(* Let $V$ be a vector space of dimension $2r$ ($r\ge1$) over $\mathbb{F}_2$ with nondegenerate quadratic form $Q$, and suppose $V$ has a symmetric basis. (i) If $r\equiv 0$ or $1\pmod 4$, then $Q$ is hyperbolic. (ii) If $r\equiv 2$ or $3\pmod 4$, then $Q$ is elliptic.
   Context: The associated bilinear form of $Q$ is $B(u,v)=Q(u+v)-Q(u)-Q(v)$, and $Q$ is nondegenerate if $B$ is. $Q$ is hyperbolic if $V$ has a basis $e_1,\dots,e_r,f_1,\dots,f_r$ with $Q(e_i)=Q(f_i)=0$, $B(e_i,e_j)=B(f_i,f_j)=0$, $B(e_i,f_j)=\delta_{ij}$; it is elliptic if $V$ has a basis $e_1,\dots,e_{r-1},f_1,\dots,f_{r-1},x,y$ with the same relations among the $e_i,f_i$, all $e_i,f_i$ orthogonal to $x,y$, $Q(x)=Q(y)=1$, $B(x,y)=1$. (Every nondegenerate quadratic form on $\mathbb{F}_2^{2r}$ is exactly one of these.) A basis $\{v_1,\dots,v_{2r}\}$ is symmetric if $Q(v_i)=0$ for all $i$ and $B(v_i,v_j)=1$ for all $i\ne j$. *)

theory Defs
  imports Main "HOL.Vector_Spaces" "HOL-Library.Z2"
begin

definition assoc_bilin :: "('v::ab_group_add \<Rightarrow> bit) \<Rightarrow> 'v \<Rightarrow> 'v \<Rightarrow> bit" where
  "assoc_bilin Q u v = Q (u + v) - Q u - Q v"

definition quadratic_form :: "(bit \<Rightarrow> 'v::ab_group_add \<Rightarrow> 'v) \<Rightarrow> ('v \<Rightarrow> bit) \<Rightarrow> bool" where
  "quadratic_form scale Q \<longleftrightarrow>
     (\<forall>a v. Q (scale a v) = a^2 * Q v) \<and>
     (\<forall>u v w. assoc_bilin Q (u + v) w = assoc_bilin Q u w + assoc_bilin Q v w) \<and>
     (\<forall>a u w. assoc_bilin Q (scale a u) w = a * assoc_bilin Q u w)"

definition nondegenerate :: "('v::ab_group_add \<Rightarrow> bit) \<Rightarrow> bool" where
  "nondegenerate Q \<longleftrightarrow> (\<forall>u. (\<forall>v. assoc_bilin Q u v = 0) \<longrightarrow> u = 0)"

definition is_basis :: "(bit \<Rightarrow> 'v::ab_group_add \<Rightarrow> 'v) \<Rightarrow> 'v set \<Rightarrow> bool" where
  "is_basis scale S \<longleftrightarrow> \<not> module.dependent scale S \<and> module.span scale S = UNIV"

definition has_symmetric_basis :: "(bit \<Rightarrow> 'v::ab_group_add \<Rightarrow> 'v) \<Rightarrow> ('v \<Rightarrow> bit) \<Rightarrow> nat \<Rightarrow> bool" where
  "has_symmetric_basis scale Q r \<longleftrightarrow>
     (\<exists>v :: nat \<Rightarrow> 'v. inj_on v {..<2*r} \<and> is_basis scale (v ` {..<2*r}) \<and>
        (\<forall>i<2*r. Q (v i) = 0) \<and>
        (\<forall>i<2*r. \<forall>j<2*r. i \<noteq> j \<longrightarrow> assoc_bilin Q (v i) (v j) = 1))"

:::

§ **Exercise goal**:
Copy out exactly the line holding "bit) \<Rightarrow> 'v" and each line after it through the end of the entries, and leave out everything else.

§ **Finished exercise**:
definition assoc_bilin :: "('v::ab_group_add \<Rightarrow> bit) \<Rightarrow> 'v \<Rightarrow> 'v \<Rightarrow> bit" where
  "assoc_bilin Q u v = Q (u + v) - Q u - Q v"

definition quadratic_form :: "(bit \<Rightarrow> 'v::ab_group_add \<Rightarrow> 'v) \<Rightarrow> ('v \<Rightarrow> bit) \<Rightarrow> bool" where
  "quadratic_form scale Q \<longleftrightarrow>
     (\<forall>a v. Q (scale a v) = a^2 * Q v) \<and>
     (\<forall>u v w. assoc_bilin Q (u + v) w = assoc_bilin Q u w + assoc_bilin Q v w) \<and>
     (\<forall>a u w. assoc_bilin Q (scale a u) w = a * assoc_bilin Q u w)"

definition nondegenerate :: "('v::ab_group_add \<Rightarrow> bit) \<Rightarrow> bool" where
  "nondegenerate Q \<longleftrightarrow> (\<forall>u. (\<forall>v. assoc_bilin Q u v = 0) \<longrightarrow> u = 0)"

definition is_basis :: "(bit \<Rightarrow> 'v::ab_group_add \<Rightarrow> 'v) \<Rightarrow> 'v set \<Rightarrow> bool" where
  "is_basis scale S \<longleftrightarrow> \<not> module.dependent scale S \<and> module.span scale S = UNIV"

definition has_symmetric_basis :: "(bit \<Rightarrow> 'v::ab_group_add \<Rightarrow> 'v) \<Rightarrow> ('v \<Rightarrow> bit) \<Rightarrow> nat \<Rightarrow> bool" where
  "has_symmetric_basis scale Q r \<longleftrightarrow>
     (\<exists>v :: nat \<Rightarrow> 'v. inj_on v {..<2*r} \<and> is_basis scale (v ` {..<2*r}) \<and>
        (\<forall>i<2*r. Q (v i) = 0) \<and>
        (\<forall>i<2*r. \<forall>j<2*r. i \<noteq> j \<longrightarrow> assoc_bilin Q (v i) (v j) = 1))"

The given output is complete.